Doch dann trat eine überraschende Wendung ein. Ägypten, das sich bisher hinter die Forderung nach internationalen Beobachtern gestellt hatte, scherte aus der arabischen Front aus: Gegen den Willen Israels Beobachter zu entsenden, sei für die Friedensbemühungen nicht förderlich. Eine ägyptische Delegation hatte in den USA vergangene Woche Gespräche mit hochrangigen US-Offiziellen darüber geführt, wie ein dauerhafter Waffenstillstand vermittelt werden könnte. Ägypten stimmte sogar der Position zu, dass Arafat mehr tun müsse, um die Gewalt zu kontrollieren und versprach, Einfluss auf ihn geltend zu machen. Die USA erklärten, sie würden Sharon weiterhin drängen, zurückhaltend auf palästinensische Terrorattacken zu antworten.

Vermutlich ist der ägyptische Schwenk eine Reaktion auf die leicht veränderte US-Politik der letzten Wochen. Die USA hatten die israelische »Liquidierungspolitik« und die Besetzung des Orient Hauses in Ost-Jerusalem kritisiert und damit versucht, ihre Anti-Irak-Koalition mit Jordanien, Saudi-Arabien und eben Ägypten wiederzubeleben und die UN-Ebene zu unterlaufen. Die radikalen arabischen Staaten wie Syrien und der Irak versuchen hingegen, mittels der Konferenz in Durban die UN gegen Israel zu instrumentalisieren. Die Europäer positionieren sich mit ihren Versuchen, das Irak-Embargo zu unterlaufen und internationale Beobachter im Nahen Osten durchzusetzen, gegen Israel.

Offenbar befürchtet Ägypten, dass die Al-Aqsa-Intifada zu einer dauerhaften und ökonomisch katastrophalen Destabilisierung der gesamten Region führt. In der vergangenen Woche verlautete aus israelischen Armeekreisen, die Intifada könnte sich bis ins Jahr 2006 fortsetzen. Der Iran heizt den Konflikt bereits weiter an und forderte die im Libanon operierende islamistische Warlordtruppe Hisbollah kürzlich auf, an den Nordgrenzen Israels aktiver zu werden. Irans Außenminister Kamal Kharazi appellierte an Syrien und Ägypten, »effektive Mechanismen« zu installieren, um Israels Angriffe auf die Palästinenserbehörde zu stoppen. »Die Europäische Union und der UN-Sicherheitsrat nehmen dieses sensible Thema ernst«, erklärte er freimütig. Der Irak seinerseits hat seine Forderung an die UN bekräftigt, aus dem Oil-for-Food-Programm der Uno fast eine Milliarde Dollar dem palästinensischen »Brudervolk« zur Verfügung stellen zu dürfen.

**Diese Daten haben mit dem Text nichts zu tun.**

lemma l1_dist_div_cyc_denom_nonneg: "0 \<le> x d \<Longrightarrow> 0 \<le> y d \<Longrightarrow> 0 \<le> l1_dist d x y / cyc_denom d x y"
  using l1_dist_nonneg cyc_denom_nonneg by (intro divide_nonneg_nonneg)

lemma cyc_dist_nonneg: "0 \<le> x d \<Longrightarrow> 0 \<le> y d \<Longrightarrow> 0 \<le> cyc_dist d (t1, x) (t2, y)"
  unfolding cyc_dist_eq using l1_dist_div_cyc_denom_nonneg by (simp add: add_nonneg_nonneg)

lemma cyc_dist_le_sqrt:
  "1 \<le> d \<Longrightarrow> 0 \<le> x d \<Longrightarrow> 0 \<le> y d \<Longrightarrow>
    cyc_dist d (t1, x) (t2, y) \<le> sqrt (l1_dist d x y) + sqrt \<bar>t1 - t2\<bar>"
  unfolding cyc_dist_eq using l1_dist_div_cyc_denom_le_sqrt by simp

lemma sqrt_time_le_cyc_dist:
  "0 \<le> x d \<Longrightarrow> 0 \<le> y d \<Longrightarrow> sqrt \<bar>t1 - t2\<bar> \<le> cyc_dist d (t1, x) (t2, y)"
  unfolding cyc_dist_eq using l1_dist_div_cyc_denom_nonneg by simp

lemma time_le_cyc_dist:
  assumes "0 \<le> x d" "0 \<le> y d" "cyc_dist d (t1, x) (t2, y) \<le> 1"
  shows "\<bar>t1 - t2\<bar> \<le> cyc_dist d (t1, x) (t2, y)"
proof -
  have s: "sqrt \<bar>t1 - t2\<bar> \<le> 1" using sqrt_time_le_cyc_dist[of x d y t1 t2] assms by linarith
  have "\<bar>t1 - t2\<bar> = sqrt \<bar>t1 - t2\<bar> * sqrt \<bar>t1 - t2\<bar>" by simp
  also have "\<dots> \<le> sqrt \<bar>t1 - t2\<bar>" by (rule mult_left_le[OF s]) simp
  finally show ?thesis using sqrt_time_le_cyc_dist[of x d y t1 t2] assms by linarith
qed

text \<open>If \<open>S \<le> s (a + 2 \<surd>S)\<close> with \<open>s \<le> 1\<close>, absorbing \<open>2 s \<surd>S \<le> S/2 + 2 s\<^sup>2\<close> makes \<open>S\<close> linear in \<open>s\<close>.\<close>
lemma le_linear_if_le_sqrt_self:
  fixes S s a :: real
  assumes "0 \<le> S" "0 \<le> s" "s \<le> 1" "0 \<le> a" "S \<le> s * (a + 2 * sqrt S)"
  shows "S \<le> (2 * a + 4) * s"
proof -
  define r where "r = sqrt S"
  have S: "S = r * r" unfolding r_def using assms(1) by simp
  have "S \<le> s * a + 2 * (s * r)" using assms(5) unfolding r_def[symmetric] by (simp add: algebra_simps)
  moreover have "2 * (s * r) \<le> r * r / 2 + 2 * (s * s)"
    using zero_le_square[of "r - 2 * s"] by (simp add: algebra_simps power2_eq_square)
  moreover have "s * s \<le> s" using assms(2,3) by (simp add: mult_left_le)
  ultimately have "S \<le> 2 * (s * a) + 4 * s" unfolding S by linarith
  then show ?thesis by (simp add: algebra_simps)
qed
section \<open>Gaussian integrals\<close>

lemma nn_integral_exp_neg_sq:
  assumes \<beta>: "0 < \<beta>"
  shows "(\<integral>\<^sup>+t. ennreal (exp (- \<beta> * t\<^sup>2 / 2)) \<partial>lborel) = ennreal (sqrt (2 * pi / \<beta>))"
proof -
  define \<sigma> where "\<sigma> = 1 / sqrt \<beta>"
  have "\<sigma> > 0" and \<sigma>_sq: "\<sigma>\<^sup>2 = 1 / \<beta>"
    using \<beta> by (simp_all add: \<sigma>_def power_divide)
  have density: "exp (- \<beta> * t\<^sup>2 / 2) = sqrt (2 * pi / \<beta>) * normal_density 0 \<sigma> t" for t
    using \<beta> by (simp add: normal_density_def \<sigma>_sq field_simps real_sqrt_divide)
  interpret normal: prob_space "density lborel (normal_density 0 \<sigma>)"
    using \<open>\<sigma> > 0\<close> by (rule prob_space_normal_density)
  have "(\<integral>\<^sup>+t. ennreal (normal_density 0 \<sigma> t) \<partial>lborel) = 1"
    using normal.emeasure_space_1 by (simp add: emeasure_density)
  then show ?thesis
    unfolding density using \<beta> by (simp add: ennreal_mult nn_integral_cmult)
qed

lemma nn_integral_exp_neg_norm_sq:
  assumes \<beta>: "0 < \<beta>"
  shows "(\<integral>\<^sup>+x. ennreal (exp (- \<beta> * (norm x)\<^sup>2 / 2)) \<partial>(lborel :: 'a::euclidean_space measure))
    = ennreal ((2 * pi / \<beta>) powr (real DIM('a) / 2))"
proof -
  have "ennreal (exp (- \<beta> * (norm x)\<^sup>2 / 2)) = (\<Prod>b\<in>Basis. ennreal (exp (- \<beta> * (x \<bullet> b)\<^sup>2 / 2)))"
    for x :: 'a
  proof -
    have "(norm x)\<^sup>2 = (\<Sum>b\<in>Basis. (x \<bullet> b) * (x \<bullet> b))"
      by (simp add: power2_norm_eq_inner euclidean_inner[of x x])
    then have "- \<beta> * (norm x)\<^sup>2 / 2 = (\<Sum>b\<in>Basis. - \<beta> * (x \<bullet> b)\<^sup>2 / 2)"
      by (simp add: power2_eq_square sum_distrib_left sum_divide_distrib)
    then show ?thesis
      by (simp add: exp_sum prod_ennreal)
  qed
  then have "(\<integral>\<^sup>+x. ennreal (exp (- \<beta> * (norm x)\<^sup>2 / 2)) \<partial>(lborel :: 'a measure))
      = (\<Prod>b\<in>(Basis :: 'a set). \<integral>\<^sup>+t. ennreal (exp (- \<beta> * t\<^sup>2 / 2)) \<partial>lborel)"
    by (simp only:) (rule nn_integral_lborel_prod; simp)
  also have "\<dots> = ennreal (sqrt (2 * pi / \<beta>) ^ DIM('a))"
    using \<beta> nn_integral_exp_neg_sq[OF \<beta>] by (simp add: ennreal_power)
  finally show ?thesis
    using \<beta> by (simp add: powr_half_sqrt[symmetric] powr_realpow[symmetric] powr_powr)
qed

lemma sets_std_gaussian [simp, measurable_cong]: "sets std_gaussian = sets borel"
  by (simp add: std_gaussian_def)

lemma nn_integral_std_gaussian:
  assumes "f \<in> borel_measurable borel"
  shows "(\<integral>\<^sup>+x. f x \<partial>std_gaussian) = (\<integral>\<^sup>+x. ennreal ((2 * pi) powr (- real DIM('a) / 2)
    * exp (- (norm x)\<^sup>2 / 2)) * f x \<partial>(lborel :: 'a::euclidean_space measure))"
  unfolding std_gaussian_def using assms by (simp add: nn_integral_density)

lemma prob_space_std_gaussian: "prob_space (std_gaussian :: 'a::euclidean_space measure)"
proof
  have "emeasure (std_gaussian :: 'a measure) (space std_gaussian)
      = ennreal ((2 * pi) powr (- real DIM('a) / 2))
        * (\<integral>\<^sup>+x. ennreal (exp (- 1 * (norm x)\<^sup>2 / 2)) \<partial>(lborel :: 'a measure))"
    by (simp add: std_gaussian_def emeasure_density ennreal_mult nn_integral_cmult)
  also have "\<dots> = ennreal ((2 * pi) powr (- real DIM('a) / 2) * (2 * pi) powr (real DIM('a) / 2))"
    using nn_integral_exp_neg_norm_sq[of 1, where 'a='a] by (simp add: ennreal_mult)
  also have "\<dots> = 1"
    by (simp add: powr_add[symmetric])
  finally show "emeasure (std_gaussian :: 'a measure) (space std_gaussian) = 1" .
qed

lemma exp_completed_square_le:
  fixes s a t :: real
  assumes s: "0 \<le> s" and a: "s < a"
  shows "exp (- t\<^sup>2 / 2) * exp (s * t) \<le> exp (s * a / 2) * exp (- ((a - s) / a) * t\<^sup>2 / 2)"
proof -
  have "0 < a" using s a by linarith
  \<comment> \<open>AM-GM trades the linear term for a Gaussian of smaller precision\<close>
  have "0 \<le> (t - a)\<^sup>2" by simp
  then have "t \<le> a / 2 + t\<^sup>2 / (2 * a)"
    using \<open>0 < a\<close> by (simp add: field_simps power2_eq_square)
  then have "s * t \<le> s * (a / 2 + t\<^sup>2 / (2 * a))"
    using s by (rule mult_left_mono)
  then have "- t\<^sup>2 / 2 + s * t \<le> s * a / 2 + (- ((a - s) / a) * t\<^sup>2 / 2)"
    using \<open>0 < a\<close> by (simp add: field_simps)
  then show ?thesis
    by (simp flip: exp_add)
qed
lemma wedge_omega_s_tau_other:
  assumes U: "finite U" and not_support: "\<nexists>Z. Z \<subseteq> free \<and> card Z = Suc m \<and> U = support Z"
  shows "wedge (omega_s n) tau U = 0"
  unfolding wedge_omega_s_left[OF U]
proof (rule sum.neutral, rule ballI)
  fix i assume i: "i \<in> {i. i < n \<and> i \<in> U \<and> n + i \<in> U}"
  have "tau (U - {i, n + i}) = 0"
  proof (rule ccontr)
    assume "tau (U - {i, n + i}) \<noteq> 0"
    then obtain X where X: "X \<subseteq> free" "card X = m" "U - {i, n + i} = support X"
      unfolding tau_def choices_def by (auto split: if_splits)
    have "i \<notin> support X" "n + i \<notin> support X" using X(3) by auto
    then have "i \<notin> only_dz" "i \<notin> X" "i \<notin> only_dw"
      using mem_support_low mem_support_high[OF X(1)] i by auto
    then have "i \<in> free" using index_cases i by auto
    have "U = support (insert i X)"
      using X(3) i support_insert[of i X] by auto
    moreover have "card (insert i X) = Suc m"
      using X \<open>i \<notin> X\<close> finite_subset_free by simp
    ultimately show False using not_support X(1) \<open>i \<in> free\<close> by blast
  qed
  then show "wsign {i, n + i} (U - {i, n + i}) * tau (U - {i, n + i}) = 0" by simp
qed

lemma tau_PLambda: "tau \<in> PLambda n (card R)"
proof -
  have "tau \<in> Lambda n (card R)"
    unfolding Lambda_def
  proof (intro CollectI allI impI)
    fix S assume "tau S \<noteq> 0"
    then obtain X where "X \<subseteq> free" "card X = m" "S = support X"
      unfolding tau_def choices_def by (auto split: if_splits)
    then show "S \<subseteq> {0..<2 * n} \<and> card (S \<inter> {0..<n}) = n - card R \<and> card (S \<inter> {n..<2 * n}) = card R"
      using support_in_supports unfolding supports_def by auto
  qed
  moreover have "wedge (omega_s n) tau U = 0" for U
    using wedge_infinite_eq_0 wedge_omega_s_tau_support wedge_omega_s_tau_other by metis
  ultimately show ?thesis unfolding PLambda_def by auto
qed


lemma P_form_tau_eq_sum:
  "P_form n tau Q = (\<Sum>X\<in>choices. choice_coeff X * pull_wedge n Q (support X) {0..<n})"
proof -
  have "P_form n tau Q = (\<Sum>U\<in>support ` choices. tau U * pull_wedge n Q U {0..<n})"
    unfolding P_form_eq_sum_pull_wedge
  proof (rule sum.mono_neutral_right)
    show "finite {S. S \<subseteq> {0..<2*n}}" by (simp add: finite_Collect_subsets)
    show "support ` choices \<subseteq> {S. S \<subseteq> {0..<2*n}}" using support_subset unfolding choices_def by auto
    show "\<forall>U\<in>{S. S \<subseteq> {0..<2*n}} - support ` choices. tau U * pull_wedge n Q U {0..<n} = 0"
      unfolding tau_def by auto
  qed
  also have "\<dots> = (\<Sum>X\<in>choices. tau (support X) * pull_wedge n Q (support X) {0..<n})"
    by (rule sum.reindex[unfolded comp_def], rule inj_onI)
       (metis choices_def mem_Collect_eq support_Int_free)
  also have "\<dots> = (\<Sum>X\<in>choices. choice_coeff X * pull_wedge n Q (support X) {0..<n})"
    using tau_support by simp
  finally show ?thesis .
qed

lemma pull_wedge_support_relation:
  assumes Q: "Q \<in> SM n" and Y: "Y \<subseteq> free"
  shows "(\<Sum>i\<in>free - Y. (-1) ^ (pair_exponent i + card Y) * pull_wedge n Q (support (insert i Y)) {0..<n}) = 0"
proof -
  have pairs: "{i. i < n \<and> i \<notin> support Y \<and> n + i \<notin> support Y} = free - Y"
  proof (intro equalityI subsetI)
    fix i assume "i \<in> {i. i < n \<and> i \<notin> support Y \<and> n + i \<notin> support Y}"
    then show "i \<in> free - Y"
      using index_cases[of i] mem_support_low[of i Y] mem_support_high[OF Y, of i] by auto
  next
    fix i assume i: "i \<in> free - Y"
    then have "i < n" "i \<notin> only_dz" "i \<notin> only_dw" using index_sets_subset index_sets_disjoint by auto
    then show "i \<in> {i. i < n \<and> i \<notin> support Y \<and> n + i \<notin> support Y}"
      using mem_support_low[of i Y] mem_support_high[OF Y, of i] i by auto
  qed
  have "0 = (\<Sum>i\<in>{i. i < n \<and> i \<notin> support Y \<and> n + i \<notin> support Y}.
      wsign {i, n + i} (support Y) * pull_wedge n Q (insert i (insert (n + i) (support Y))) {0..<n})"
    using pull_wedge_primitive_relation[OF Q support_subset[OF Y]] by simp
  also have "\<dots> = (\<Sum>i\<in>free - Y. (-1) ^ (pair_exponent i + card Y) * pull_wedge n Q (support (insert i Y)) {0..<n})"
    unfolding pairs support_insert using wsign_pair_support[OF Y] by simp
  finally show ?thesis by simp
qed

lemma sum_choices_potential_eq_0:
  assumes Q: "Q \<in> SM n" and m1: "1 \<le> m"
  shows "(\<Sum>X\<in>choices. choice_sign X * (\<Sum>i\<in>X. prim_potential m (card ((X - {i}) \<inter> target)))
           * pull_wedge n Q (support X) {0..<n}) = 0"
proof -
  define F where "F X i = choice_sign X * prim_potential m (card ((X - {i}) \<inter> target))
                           * pull_wedge n Q (support X) {0..<n}" for X i
  let ?Ys = "{Y. Y \<subseteq> free \<and> Suc (card Y) = m}"
  have "(\<Sum>Y\<in>?Ys. \<Sum>i\<in>free - Y. F (insert i Y) i)
      = (\<Sum>Y\<in>?Ys. (-1) ^ (m - 1) * choice_sign Y * prim_potential m (card (Y \<inter> target)) *
          (\<Sum>i\<in>free - Y. (-1) ^ (pair_exponent i + card Y) * pull_wedge n Q (support (insert i Y)) {0..<n}))"
  proof (intro sum.cong refl)
    fix Y assume "Y \<in> ?Ys"
    then have Y: "Y \<subseteq> free" "card Y = m - 1" by auto
    have "F (insert i Y) i = (-1) ^ (m - 1) * choice_sign Y * prim_potential m (card (Y \<inter> target)) *
        ((-1) ^ (pair_exponent i + card Y) * pull_wedge n Q (support (insert i Y)) {0..<n})"
      if i: "i \<in> free - Y" for i
    proof -
      have "insert i Y - {i} = Y" using i by auto
      moreover have "choice_sign (insert i Y) = (-1) ^ pair_exponent i * choice_sign Y"
        using choice_sign_remove[of "insert i Y" i] finite_subset_free Y i by simp
      ultimately show ?thesis unfolding F_def Y(2) by (simp add: power_add mult_ac)
    qed
    then show "(\<Sum>i\<in>free - Y. F (insert i Y) i) = (-1) ^ (m - 1) * choice_sign Y * prim_potential m (card (Y \<inter> target)) *
          (\<Sum>i\<in>free - Y. (-1) ^ (pair_exponent i + card Y) * pull_wedge n Q (support (insert i Y)) {0..<n})"
      by (simp add: sum_distrib_left)
  qed
  also have "\<dots> = 0" using pull_wedge_support_relation[OF Q] by simp
  finally have "(\<Sum>X\<in>choices. \<Sum>i\<in>X. F X i) = 0"
    unfolding sum_subsets_insert[OF finite_index_sets(5) m1] choices_def .
  moreover have "(\<Sum>X\<in>choices. choice_sign X * (\<Sum>i\<in>X. prim_potential m (card ((X - {i}) \<inter> target)))
      * pull_wedge n Q (support X) {0..<n}) = (\<Sum>X\<in>choices. \<Sum>i\<in>X. F X i)"
    unfolding F_def by (simp only: sum_distrib_left sum_distrib_right mult.assoc)
  ultimately show ?thesis by simp
qed
(* Let $K\subset\mathbb R^n$ be compact and $B\subset\mathbb R^m$ a closed ball centred at the origin. Let $f,g:K\to B$ be continuous maps such that for every $x\in K$ there is $\lambda>0$ (depending on $x$) with $f(x)=\lambda\cdot g(x)$. If $g$ has convex fibres and $g(K)=B$, then $f(K)\supset\delta\cdot B$ for some $\delta>0$. *)

theory Defs
  imports "HOL-Analysis.Analysis"
begin

end

theory Submission
  imports Defs
begin

(* Let d > 0 bound |f| from below on the compact set where |g| = r. For a unit vector u, the
   preimage under g of the radius [0, r u] is connected, since g is a closed map (K is compact)
   with connected fibres. On it f points along u, vanishes where g = 0 and has length at least d
   where g = r u; by the intermediate value theorem f covers the radius [0, d u]. Hence
   f(K) contains the ball of radius d, i.e. (d / r) B. *)

lemma compact_positive_lower_bound:
  fixes h :: "'a::topological_space \<Rightarrow> real"
  assumes "compact S" and "continuous_on S h" and "\<And>x. x \<in> S \<Longrightarrow> 0 < h x"
  shows "\<exists>d>0. \<forall>x\<in>S. d \<le> h x"
proof (cases "S = {}")
  case False
  then obtain x0 where "x0 \<in> S" "\<forall>x\<in>S. h x0 \<le> h x"
    using continuous_attains_inf[OF assms(1) _ assms(2)] by blast
  with assms(3) show ?thesis by blast
qed (use zero_less_one in blast)

lemma connected_preimage_compact_monotone:
  fixes g :: "'a::t2_space \<Rightarrow> 'b::t2_space"
  assumes "compact K" and "continuous_on K g"
    and fibres: "\<And>y. y \<in> g ` K \<Longrightarrow> connected {x \<in> K. g x = y}"
    and "connected C" and "C \<subseteq> g ` K"
  shows "connected {x \<in> K. g x \<in> C}"
proof -
  have "connected (K \<inter> g -` C)"
  proof (rule connected_closed_monotone_preimage[OF assms(2) refl _ _ assms(4,5)])
    show "closedin (top_of_set (g ` K)) (g ` U)" if "closedin (top_of_set K) U" for U
      using Abstract_Topology_2.continuous_imp_closed_map[OF that assms(2) refl assms(1)] .
    show "connected (K \<inter> g -` {y})" if "y \<in> g ` K" for y
      using fibres[OF that] by (simp add: vimage_def Int_def)
  qed
  then show ?thesis
    by (simp add: vimage_def Int_def)
qed

lemma closed_segment_in_image_of_positive_multiple:
  fixes f g :: "'a::t2_space \<Rightarrow> 'b::real_inner"
  assumes "compact K" and contf: "continuous_on K f" and contg: "continuous_on K g"
    and fg: "\<And>x. x \<in> K \<Longrightarrow> \<exists>c>0. f x = c *\<^sub>R g x"
    and fibres: "\<And>y. y \<in> g ` K \<Longrightarrow> connected {x \<in> K. g x = y}"
    and u: "norm u = 1" and "0 \<le> r" and radius: "closed_segment 0 (r *\<^sub>R u) \<subseteq> g ` K"
    and "0 \<le> d" and bound: "\<And>x. x \<in> K \<Longrightarrow> g x = r *\<^sub>R u \<Longrightarrow> d \<le> norm (f x)"
  shows "closed_segment 0 (d *\<^sub>R u) \<subseteq> f ` K"
proof
  fix z
  assume "z \<in> closed_segment 0 (d *\<^sub>R u)"
  then obtain t where t: "0 \<le> t" "t \<le> 1" and z: "z = (t * d) *\<^sub>R u"
    by (auto simp: in_segment)
  have u_inner: "u \<bullet> u = 1"
    using u by (simp add: dot_square_norm)
  define A where "A = {x \<in> K. g x \<in> closed_segment 0 (r *\<^sub>R u)}"
  have "connected A"
    unfolding A_def
    by (rule connected_preimage_compact_monotone[OF \<open>compact K\<close> contg fibres connected_segment radius])
  moreover have "continuous_on A (\<lambda>x. f x \<bullet> u)"
    unfolding A_def by (intro continuous_intros continuous_on_subset[OF contf]) auto
  ultimately have conn: "connected ((\<lambda>x. f x \<bullet> u) ` A)"
    by (rule connected_continuous_image[rotated])
  have on_ray: "f x = (f x \<bullet> u) *\<^sub>R u" if "x \<in> A" for x
  proof -
    from that obtain s where "x \<in> K" "g x = (s * r) *\<^sub>R u"
      by (auto simp: A_def in_segment)
    moreover obtain c where "f x = c *\<^sub>R g x"
      using fg[OF \<open>x \<in> K\<close>] by blast
    ultimately show ?thesis
      using u_inner by simp
  qed
  obtain x0 where x0: "x0 \<in> K" "g x0 = 0"
    using radius by (metis ends_in_segment(1) imageE subsetD)
  have "f x0 = 0"
    using fg[OF x0(1)] x0(2) by auto
  obtain x1 where x1: "x1 \<in> K" "g x1 = r *\<^sub>R u"
    using radius by (metis ends_in_segment(2) imageE subsetD)
  obtain c where c: "0 < c" "f x1 = c *\<^sub>R g x1"
    using fg[OF x1(1)] by blast
  have "d \<le> f x1 \<bullet> u"
    using bound[OF x1] c x1(2) u u_inner \<open>0 \<le> r\<close> by simp
  moreover have "x0 \<in> A" "x1 \<in> A"
    using x0 x1 by (auto simp: A_def)
  ultimately have "{f x0 \<bullet> u .. f x1 \<bullet> u} \<subseteq> (\<lambda>x. f x \<bullet> u) ` A"
    by (intro connected_contains_Icc[OF conn]) auto
  moreover have "t * d \<in> {f x0 \<bullet> u .. f x1 \<bullet> u}"
    using t \<open>0 \<le> d\<close> \<open>f x0 = 0\<close> \<open>d \<le> f x1 \<bullet> u\<close> mult_left_le_one_le[of d t] by simp
  ultimately have "t * d \<in> (\<lambda>x. f x \<bullet> u) ` A"
    by (rule subsetD)
  then obtain x where "x \<in> A" and fx: "t * d = f x \<bullet> u"
    by (rule imageE)
  have "f x = (f x \<bullet> u) *\<^sub>R u"
    using on_ray \<open>x \<in> A\<close> .
  also have "\<dots> = z"
    using fx z by simp
  finally have "f x = z" .
  with \<open>x \<in> A\<close> show "z \<in> f ` K"
    by (auto simp: A_def)
qed

lemma scaled_cball_in_image_of_positive_multiple:
  fixes f g :: "'a::t2_space \<Rightarrow> 'b::real_inner"
  assumes K: "compact K" and contf: "continuous_on K f" and contg: "continuous_on K g"
    and fg: "\<And>x. x \<in> K \<Longrightarrow> \<exists>c>0. f x = c *\<^sub>R g x"
    and fibres: "\<And>y. y \<in> g ` K \<Longrightarrow> connected {x \<in> K. g x = y}"
    and gK: "g ` K = cball 0 r" and "0 < r"
  shows "\<exists>\<delta>>0. (\<lambda>y. \<delta> *\<^sub>R y) ` cball 0 r \<subseteq> f ` K"
proof -
  define S where "S = {x \<in> K. norm (g x) = r}"
  have "continuous_on K (\<lambda>x. norm (g x))"
    using contg by (rule continuous_on_norm)
  then have "closedin (top_of_set K) S"
    using continuous_closedin_preimage[OF _ closed_singleton, of K "\<lambda>x. norm (g x)" r]
    by (simp add: S_def vimage_def Int_def)
  then have "compact S"
    using K closedin_compact by blast
  moreover have "continuous_on S (\<lambda>x. norm (f x))"
    unfolding S_def by (intro continuous_intros continuous_on_subset[OF contf]) auto
  moreover have "0 < norm (f x)" if "x \<in> S" for x
  proof -
    from that have "x \<in> K" "norm (g x) = r"
      by (simp_all add: S_def)
    moreover obtain c where "0 < c" "f x = c *\<^sub>R g x"
      using fg[OF \<open>x \<in> K\<close>] by blast
    ultimately show ?thesis
      using \<open>0 < r\<close> by simp
  qed
  ultimately have "\<exists>d>0. \<forall>x\<in>S. d \<le> norm (f x)"
    by (rule compact_positive_lower_bound)
  then obtain d where "0 < d" and d: "\<forall>x\<in>S. d \<le> norm (f x)"
    by blast
  have "(d / r) *\<^sub>R y \<in> f ` K" if y: "y \<in> cball 0 r" for y
  proof (cases "y = 0")
    case True
    have "0 \<in> g ` K"
      using gK \<open>0 < r\<close> by simp
    then obtain x where "x \<in> K" "g x = 0"
      by (metis imageE)
    moreover obtain c where "f x = c *\<^sub>R g x"
      using fg[OF \<open>x \<in> K\<close>] by blast
    ultimately show ?thesis
      using True by (metis image_eqI scaleR_zero_right)
  next
    case False
    define u where "u = y /\<^sub>R norm y"
    have u: "norm u = 1"
      using False by (simp add: u_def)
    have radius: "closed_segment 0 (r *\<^sub>R u) \<subseteq> g ` K"
      unfolding gK using \<open>0 < r\<close> u by (intro closed_segment_subset) auto
    have bound: "d \<le> norm (f x)" if "x \<in> K" "g x = r *\<^sub>R u" for x
      using d that u \<open>0 < r\<close> by (simp add: S_def)
    have "closed_segment 0 (d *\<^sub>R u) \<subseteq> f ` K"
      using \<open>0 < r\<close> \<open>0 < d\<close>
      by (intro closed_segment_in_image_of_positive_multiple[OF K contf contg fg fibres u _ radius _ bound])
        simp_all
    moreover have "(d / r) *\<^sub>R y \<in> closed_segment 0 (d *\<^sub>R u)"
    proof -
      have "norm y \<le> r"
        using y by simp
      then have "(d / r) *\<^sub>R y = (norm y / r) *\<^sub>R (d *\<^sub>R u)" "norm y / r \<le> 1"
        using False \<open>0 < r\<close> by (simp_all add: u_def)
      with \<open>0 < r\<close> show ?thesis
        unfolding in_segment by (intro exI[of _ "norm y / r"]) simp
    qed
    ultimately show ?thesis
      by (rule subsetD)
  qed
  then show ?thesis
    using \<open>0 < d\<close> \<open>0 < r\<close> by (intro exI[of _ "d / r"]) auto
qed

theorem mainTheorem15:
  fixes K :: "(real ^ 'n) set" and r :: real
    and f g :: "real ^ 'n \<Rightarrow> real ^ 'm"
  assumes "compact K"
    and "continuous_on K f" and "f ` K \<subseteq> cball 0 r"
    and "continuous_on K g" and "g ` K \<subseteq> cball 0 r"
    and "\<forall>x\<in>K. \<exists>c>0. f x = c *\<^sub>R g x"
    and "\<forall>y. convex {x \<in> K. g x = y}"
    and "g ` K = cball 0 r"
  shows "\<exists>\<delta>>0. (\<lambda>y. \<delta> *\<^sub>R y) ` cball 0 r \<subseteq> f ` K"
proof (cases "0 < r")
  case True
  show ?thesis
    using assms(7) True
    by (intro scaled_cball_in_image_of_positive_multiple[OF assms(1,2,4) _ _ assms(8)])
      (auto simp: assms(6) convex_connected)
next
  case False
  have "y \<in> f ` K" if "y \<in> cball 0 r" for y
  proof -
    have "norm y \<le> r"
      using that by simp
    with False have "y = 0"
      by (metis norm_le_zero_iff not_less order.trans)
    with that obtain x where "x \<in> K" "g x = 0"
      using assms(8) by (metis imageE)
    with \<open>y = 0\<close> show ?thesis
      using assms(6) by force
  qed
  then show ?thesis
    by (intro exI[of _ 1]) auto
qed

end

Ägypten jedoch hat mit seinem Schwenk deutlich gemacht, dass das europäische Konzept den eigenen Interessen zuwiderläuft. Zudem hat Israels Außenminister Schimon Peres angekündigt, dass er sich »in naher Zukunft« mit Arafat treffen wolle, um mit ihm über die Umsetzung der im Juni vereinbarten Waffenruhe zu sprechen; er deutete auch weitergehende Zugeständnisse Israels an die Palästinenser an. Damit wären die Europäer, die Arafat für eine weitere Zuspitzung des Konflikts benötigt, erfreulicherweise ausgebootet.